Wednesday, November 12, 2008

Pay No Attention to the Man Behind Bars

I also hate cartoons like this one (via Jenny Crusie's blog, with links to more like it):

Yes, Barack Obama's election was a minor victory over American racism; I don't deny that. I never quite believed I'd live to see an African American President elected, and I figured that if I did, they'd be a reactionary like Condoleezza Rice or Colin Powell. As I said before, I don't mean to rain on the parade of black and brown people who were understandably excited about Obama's achievement. What depressed me about the euphoria last week, among other things, was the self-congratulation of white Americans who overstated the significance of the event.

If you're going to point to a single black person's success as proof that America is a Land of Opportunity, why not point to Oprah, or Michael Jordan, or any number of other successful people of color? But Uncle Sam and the cartoonist who drew him are also muttering, "Pay no attention to the man behind bars -- hundreds of thousands of him. Pay no attention to the black children who are getting abysmally substandard educations in our apartheid school system. Pay no attention to the everyday racism that still permeates American society, not always expressed in lynching or a hail of police bullets, but it still degrades the quality of life of most African Americans. Focus all your attention on that One Man who managed to climb to the top; don't worry about all his brothers and sisters who are still on the bottom."

I'm not being picky picky picky here. Most white Americans still believe that blacks and whites have an equal chance of getting ahead in our society. I believe they thought so even when American white racism was more shamelessly explicit. I expect that Obama's election will encourage this perception.

Somewhere I read that in his later years, Thurgood Marshall (another first, the first African-American Justice of the Supreme Court) said that he could no longer in good conscience go around speaking to schools telling young black kids that if they worked hard, they could be the one black Supreme Court Justice when they grew up. And that brings to mind a sign that a friend of mine had on the door of her dorm room:

Sexual equality doesn't mean that a female Einstein gets an assistant professorship, it means that a female schlemiel gets promoted as easily as a male schlemiel.

By the same standard, the election of one African American to the White House does not mean racial equality.

One cartoonist who gets this is Garry Trudeau, an episode of whose Doonesbury I linked to last week.

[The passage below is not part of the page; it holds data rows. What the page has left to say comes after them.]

(* Let $\gamma$ be an isophotic curve on a smooth oriented surface $M\subset E^3$ with $k_g\equiv 0$, nowhere-vanishing normal curvature, and whose position vector always lies in the plane spanned by $\{T,V\}$. Then $\gamma$ is a slant helix if and only if $\gamma$ is a rectifying curve.
   Context: For a unit speed curve $\gamma$ on an oriented surface $M\subset E^3$, the Darboux frame is $T=\gamma'$, $U$ = unit normal of $M$ along $\gamma$, $V = U\times T$, satisfying $T' = k_g V + k_n U$, $V' = -k_g T + \tau_g U$, $U' = -k_n T - \tau_g V$; here $k_g$, $k_n$, $\tau_g$ are the geodesic curvature, normal curvature and geodesic torsion. The curve $\gamma$ is an isophotic curve if there is a fixed unit vector $d$ and a constant angle $\phi$ with $\langle U, d\rangle = \cos\phi$ along $\gamma$. "Position vector lies in the plane spanned by $\{T,V\}$" means $\gamma(s) = \mu_1(s)T(s) + \mu_2(s)V(s)$ for differentiable functions $\mu_1,\mu_2$. With Frenet frame $\{T,N,B\}$, curvature $\kappa>0$ and torsion $\tau$: $\gamma$ is a slant helix if its principal normal $N$ makes a constant angle with a fixed direction (equivalently, $\frac{\kappa^2}{(\kappa^2+\tau^2)^{3/2}}(\tau/\kappa)'$ is constant); $\gamma$ is a rectifying curve if its position vector always lies in its rectifying plane $\mathrm{span}\{T,B\}$ (equivalently, $\tau/\kappa = c_1 s + c_2$ for constants $c_1\neq 0$, $c_2$). *)

theory Defs
  imports "HOL-Analysis.Analysis"
begin

text \<open>Coinductive = greatest fixed point, i.e. derivatives of all orders exist.\<close>

coinductive smooth_on :: "'a::euclidean_space set \<Rightarrow> ('a \<Rightarrow> 'b::euclidean_space) \<Rightarrow> bool" where
  "\<lbrakk> f differentiable_on S;
     \<And>i. i \<in> Basis \<Longrightarrow> smooth_on S (\<lambda>x. frechet_derivative f (at x) i) \<rbrakk>
   \<Longrightarrow> smooth_on S f"

definition local_param :: "(real^3) set \<Rightarrow> (real^2 \<Rightarrow> real^3) \<Rightarrow> (real^2) set \<Rightarrow> (real^3) set \<Rightarrow> bool" where
  "local_param M X W Q \<longleftrightarrow>
     open W \<and> open Q \<and> smooth_on W X \<and>
     (\<exists>Y. homeomorphism W (M \<inter> Q) X Y) \<and>
     (\<forall>w\<in>W. inj (frechet_derivative X (at w)))"

definition regular_surface :: "(real^3) set \<Rightarrow> bool" where
  "regular_surface M \<longleftrightarrow>
     (\<forall>p\<in>M. \<exists>X W Q. p \<in> Q \<and> local_param M X W Q)"

definition unit_normal_field :: "(real^3) set \<Rightarrow> (real^3 \<Rightarrow> real^3) \<Rightarrow> bool" where
  "unit_normal_field M n \<longleftrightarrow>
     continuous_on M n \<and> (\<forall>p\<in>M. norm (n p) = 1) \<and>
     (\<forall>X W Q. local_param M X W Q \<longrightarrow>
        (\<forall>w\<in>W. \<forall>v. inner (n (X w)) (frechet_derivative X (at w) v) = 0))"

definition oriented_surface :: "(real^3) set \<Rightarrow> (real^3 \<Rightarrow> real^3) \<Rightarrow> bool" where
  "oriented_surface M n \<longleftrightarrow> regular_surface M \<and> unit_normal_field M n"

definition tangent :: "(real \<Rightarrow> real^3) \<Rightarrow> real \<Rightarrow> real^3" where
  "tangent \<gamma> s = vector_derivative \<gamma> (at s)"

definition unit_speed_curve_on :: "(real^3) set \<Rightarrow> (real \<Rightarrow> real^3) \<Rightarrow> real set \<Rightarrow> bool" where
  "unit_speed_curve_on M \<gamma> I \<longleftrightarrow>
     is_interval I \<and> open I \<and> I \<noteq> {} \<and> smooth_on I \<gamma> \<and>
     (\<forall>s\<in>I. \<gamma> s \<in> M \<and> norm (tangent \<gamma> s) = 1)"

definition darbouxU :: "(real^3 \<Rightarrow> real^3) \<Rightarrow> (real \<Rightarrow> real^3) \<Rightarrow> real \<Rightarrow> real^3" where
  "darbouxU n \<gamma> s = n (\<gamma> s)"

definition darbouxV :: "(real^3 \<Rightarrow> real^3) \<Rightarrow> (real \<Rightarrow> real^3) \<Rightarrow> real \<Rightarrow> real^3" where
  "darbouxV n \<gamma> s = cross3 (darbouxU n \<gamma> s) (tangent \<gamma> s)"
(* Let $f:X\to\mathcal G$ be a convex function and $x_0\in\operatorname{dom} f$. (1) If $f(x_0)\in\operatorname{Min} f[X]$, then $x_0$ solves the scalarized Minty inequality: for all $x\in X$ with $f(x)\ne f(x_0)$ there exists $z^*\in C^-\setminus\{0\}$ with $\varphi_{f,z^*}(x)\ne-\infty$ and $\varphi'_{f,z^*}(x,x_0-x)<0$. (2) Let $M^*\subseteq C^-\setminus\{0\}$ be a finite set. If for all $x\in X$ with $f(x)\neq f(x_0)$ there exists $z^*\in M^*$ with $\varphi_{f,z^*}(x)\ne-\infty$ and $\varphi'_{f,z^*}(x,x_0-x)<0$, and if for every $x\in X$ and every $z^*\in M^*$ the function $t\mapsto\varphi_{f,z^*}(x_0+t(x-x_0))$ (for $t\in[0,1]$, $+\infty$ otherwise) is lower semicontinuous at $t=0$, then $f(x_0)\in\operatorname{Min}f[X]$.
   Context: $X$ is a real linear space and $Z$ a real locally convex Hausdorff space with topological dual $Z^*$. $C\subseteq Z$ is a closed convex cone with $0\in C$ such that $C^-=\{z^*\in Z^*: z^*(c)\le 0\ \forall c\in C\}$ satisfies $C^-\setminus\{0\}\ne\emptyset$. Let $\mathcal G=\{A\subseteq Z: A=\operatorname{cl}\operatorname{co}(A+C)\}$, $A\oplus B=\operatorname{cl}\{a+b\}$, $tA=\{ta\}$ for $t>0$. $f:X\to\mathcal G$ is convex if $f(tx_1+(1-t)x_2)\supseteq tf(x_1)\oplus(1-t)f(x_2)$ for $t\in(0,1)$; $\operatorname{dom}f=\{x:f(x)\ne\emptyset\}$. $f(x_0)\in\operatorname{Min}f[X]$ means: for all $x\in X$, $f(x)\supseteq f(x_0)$ implies $f(x)=f(x_0)$. On $\overline{\mathbb R}$ use inf-addition $\dot+$ ($(-\infty)\dot+(+\infty)=+\infty$) and $r\ominus s=\inf\{t\in\mathbb R:r\le s\dot+t\}$ ($\inf\emptyset=+\infty$). $\varphi_{f,z^*}(x)=\inf\{-z^*(z):z\in f(x)\}$ ($+\infty$ if $f(x)=\emptyset$), $\varphi'_{f,z^*}(x,u)=\inf_{t>0}\frac1t\big(\varphi_{f,z^*}(x+tu)\ominus\varphi_{f,z^*}(x)\big)$. *)

theory Defs
  imports "HOL-Analysis.Analysis"
begin

text \<open>Z is a real locally convex Hausdorff topological vector space: the type class
  t2_space gives Hausdorff; the predicate below gives continuity of the vector operations
  and a neighbourhood base of convex open sets.\<close>
definition lc_tvs :: "('z::{real_vector,t2_space}) itself \<Rightarrow> bool" where
  "lc_tvs _ \<longleftrightarrow>
     continuous_on UNIV (\<lambda>p::'z \<times> 'z. fst p + snd p) \<and>
     continuous_on UNIV (\<lambda>p::real \<times> 'z. fst p *\<^sub>R snd p) \<and>
     (\<forall>U (z::'z). open U \<and> z \<in> U \<longrightarrow> (\<exists>V. open V \<and> convex V \<and> z \<in> V \<and> V \<subseteq> U))"

definition top_dual :: "('z::{real_vector,topological_space} \<Rightarrow> real) set" where
  "top_dual = {zs. linear zs \<and> continuous_on UNIV zs}"
lemma layer_translate_into_holes:
  assumes mn: "m < n" and k: "k \<in> \<Gamma> m" "k \<notin> \<Gamma> (Suc m)"
  shows "\<exists>h\<in>layer m. k \<otimes> h \<in> holes n"
proof -
  obtain d where d: "d \<in> J G \<Gamma> D m" using J_nonempty by blast
  have dc: "d \<in> carrier G" using J_carrier[OF d] .
  obtain c where c: "c \<in> \<Gamma> m" "k \<otimes> d = d \<otimes> c"
    using normal_mult_left_to_right[OF \<Gamma>_normal dc k(1)] by blast
  have "c \<notin> \<Gamma> (Suc m)"
  proof
    assume "c \<in> \<Gamma> (Suc m)"
    then have "d \<otimes> c \<otimes> inv d \<in> \<Gamma> (Suc m)" using normal.inv_op_closed2[OF \<Gamma>_normal dc] by blast
    moreover have "d \<otimes> c \<otimes> inv d = k"
      using inv_solve_right'[of k "d \<otimes> c" d] c dc \<Gamma>_carrier[OF c(1)] \<Gamma>_carrier[OF k(1)] by simp
    ultimately show False using k(2) by simp
  qed
  then have "k \<otimes> d \<notin> layer m" using J_mult_mem_layer_iff[OF d c(1)] c(2) by simp
  moreover have "k \<otimes> d \<in> holes m"
    using holes_mult_closed[OF _ c(1), of d] d J_eq_D_Int_holes c(2) by simp
  ultimately have "k \<otimes> d \<in> holes (Suc m)" unfolding holes_Suc by blast
  then obtain \<gamma> where \<gamma>: "\<gamma> \<in> \<Gamma> (Suc m)" "k \<otimes> d \<otimes> \<gamma> \<in> holes n"
    using holes_coset_meets_holes[of "Suc m" n] mn by auto
  have "d \<otimes> \<gamma> \<in> layer m" unfolding layer_iff using d \<gamma>(1) by blast
  moreover have "k \<otimes> (d \<otimes> \<gamma>) \<in> holes n"
    using \<gamma>(2) \<Gamma>_carrier[OF k(1)] dc \<Gamma>_carrier[OF \<gamma>(1)] by (simp add: m_assoc)
  ultimately show ?thesis by blast
qed

lemma mem_\<Gamma>_if_Per_subset_Per_shift:
  assumes g: "g \<in> carrier G"
    and per: "\<forall>a\<in>Sigma r. Per G \<eta> (\<Gamma> n) a \<subseteq> Per G (shift G g \<eta>) (\<Gamma> n) a"
  shows "g \<in> \<Gamma> n"
proof -
  have "inv g \<in> \<Gamma> m" if "m \<le> n" for m
    using that
  proof (induction m)
    case 0
    then show ?case using g \<Gamma>_0 by simp
  next
    case (Suc m)
    then have mn: "m < n" and g_m: "inv g \<in> \<Gamma> m" by auto
    show ?case
    proof (rule ccontr)
      assume "inv g \<notin> \<Gamma> (Suc m)"
      then obtain h where h: "h \<in> layer m" "inv g \<otimes> h \<in> holes n"
        using layer_translate_into_holes[OF mn g_m] by blast
      have "h \<in> Per G \<eta> (\<Gamma> n) (alpha r (Suc m))" using layer_subset_Per[OF mn] h(1) by blast
      then have "h \<in> Per G (shift G g \<eta>) (\<Gamma> n) (alpha r (Suc m))"
        using per alpha_in_Sigma[OF r_gt_1] by blast
      moreover have "h \<in> carrier G" using h(1) layer_subset_holes holes_carrier by blast
      ultimately have "inv g \<otimes> h \<in> Per G \<eta> (\<Gamma> n) (alpha r (Suc m))"
        by (simp add: Per_shift_iff[OF \<Gamma>_normal g])
      then show False using holes_disjoint_Per[OF h(2)] by blast
    qed
  qed
  then have "inv (inv g) \<in> \<Gamma> n" using \<Gamma>_inv_closed by blast
  then show ?thesis using g by simp
qed

lemma \<Gamma>_essential_group_of_periods:
  assumes "n \<ge> 1" and "finite (rcosets (\<Gamma> n))"
  shows "essential_group_of_periods G (Sigma r) \<eta> (\<Gamma> n)"
proof -
  have "\<one> \<in> layer 0" using J_mult_mem_layer_iff[of \<one> 0 \<one>] \<Gamma>_one_closed by (simp add: J_def)
  then have "\<one> \<in> (\<Union>m<n. layer m)" using assms(1) by (intro UN_I[of 0]) auto
  then have "\<one> \<in> Per_all G (Sigma r) \<eta> (\<Gamma> n)" unfolding Per_all_eq_Union_layer .
  then show ?thesis
    unfolding essential_group_of_periods_def group_of_periods_def
    using \<Gamma>_subgroup assms(2) mem_\<Gamma>_if_Per_subset_Per_shift by blast
qed

lemma period_structure_\<Gamma>:
  assumes "\<And>n. n \<ge> 1 \<Longrightarrow> finite (rcosets (\<Gamma> n))"
  shows "period_structure G (Sigma r) \<eta> \<Gamma>"
proof -
  have "carrier G \<subseteq> (\<Union>n\<in>{1..}. Per_all G (Sigma r) \<eta> (\<Gamma> n))"
  proof
    fix x assume "x \<in> carrier G"
    then obtain m where "x \<in> layer m" using layer_cover by blast
    then have "x \<in> Per_all G (Sigma r) \<eta> (\<Gamma> (Suc m))" by (auto simp: Per_all_eq_Union_layer)
    then show "x \<in> (\<Union>n\<in>{1..}. Per_all G (Sigma r) \<eta> (\<Gamma> n))" by (intro UN_I[of "Suc m"]) auto
  qed
  moreover have "(\<Union>n\<in>{1..}. Per_all G (Sigma r) \<eta> (\<Gamma> n)) \<subseteq> carrier G"
    unfolding Per_all_def Per_def by blast
  moreover have "\<forall>n\<ge>1. essential_group_of_periods G (Sigma r) \<eta> (\<Gamma> n)"
    using \<Gamma>_essential_group_of_periods assms by blast
  moreover have "\<forall>n. \<Gamma> (Suc n) \<subseteq> \<Gamma> n" using \<Gamma>_Suc_psubset by (simp add: psubset_imp_subset)
  ultimately show ?thesis unfolding period_structure_def by blast
qed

In that strip, a white American soldier in Iraq reacting to Obama's election exults, "We did it! ... He's half-white, you know!" A black soldier sitting next him smiles, "You must be so proud." A commenter at the site argued that it was reasonable for a white American to be proud of the achievement of Obama's white half. It would be, if the election of a white President were an event of any moment, but one thing we've not had in the United States is a shortage of white male presidents.

P.S. I just noticed that the cartoonist left out the barrier wall along the U.S. border with Mexico, let alone our many legal barriers to immigration, or even tourism. "See? This is the Land of Opportunity! So eat your hearts out, you poor huddled masses, and stay out!"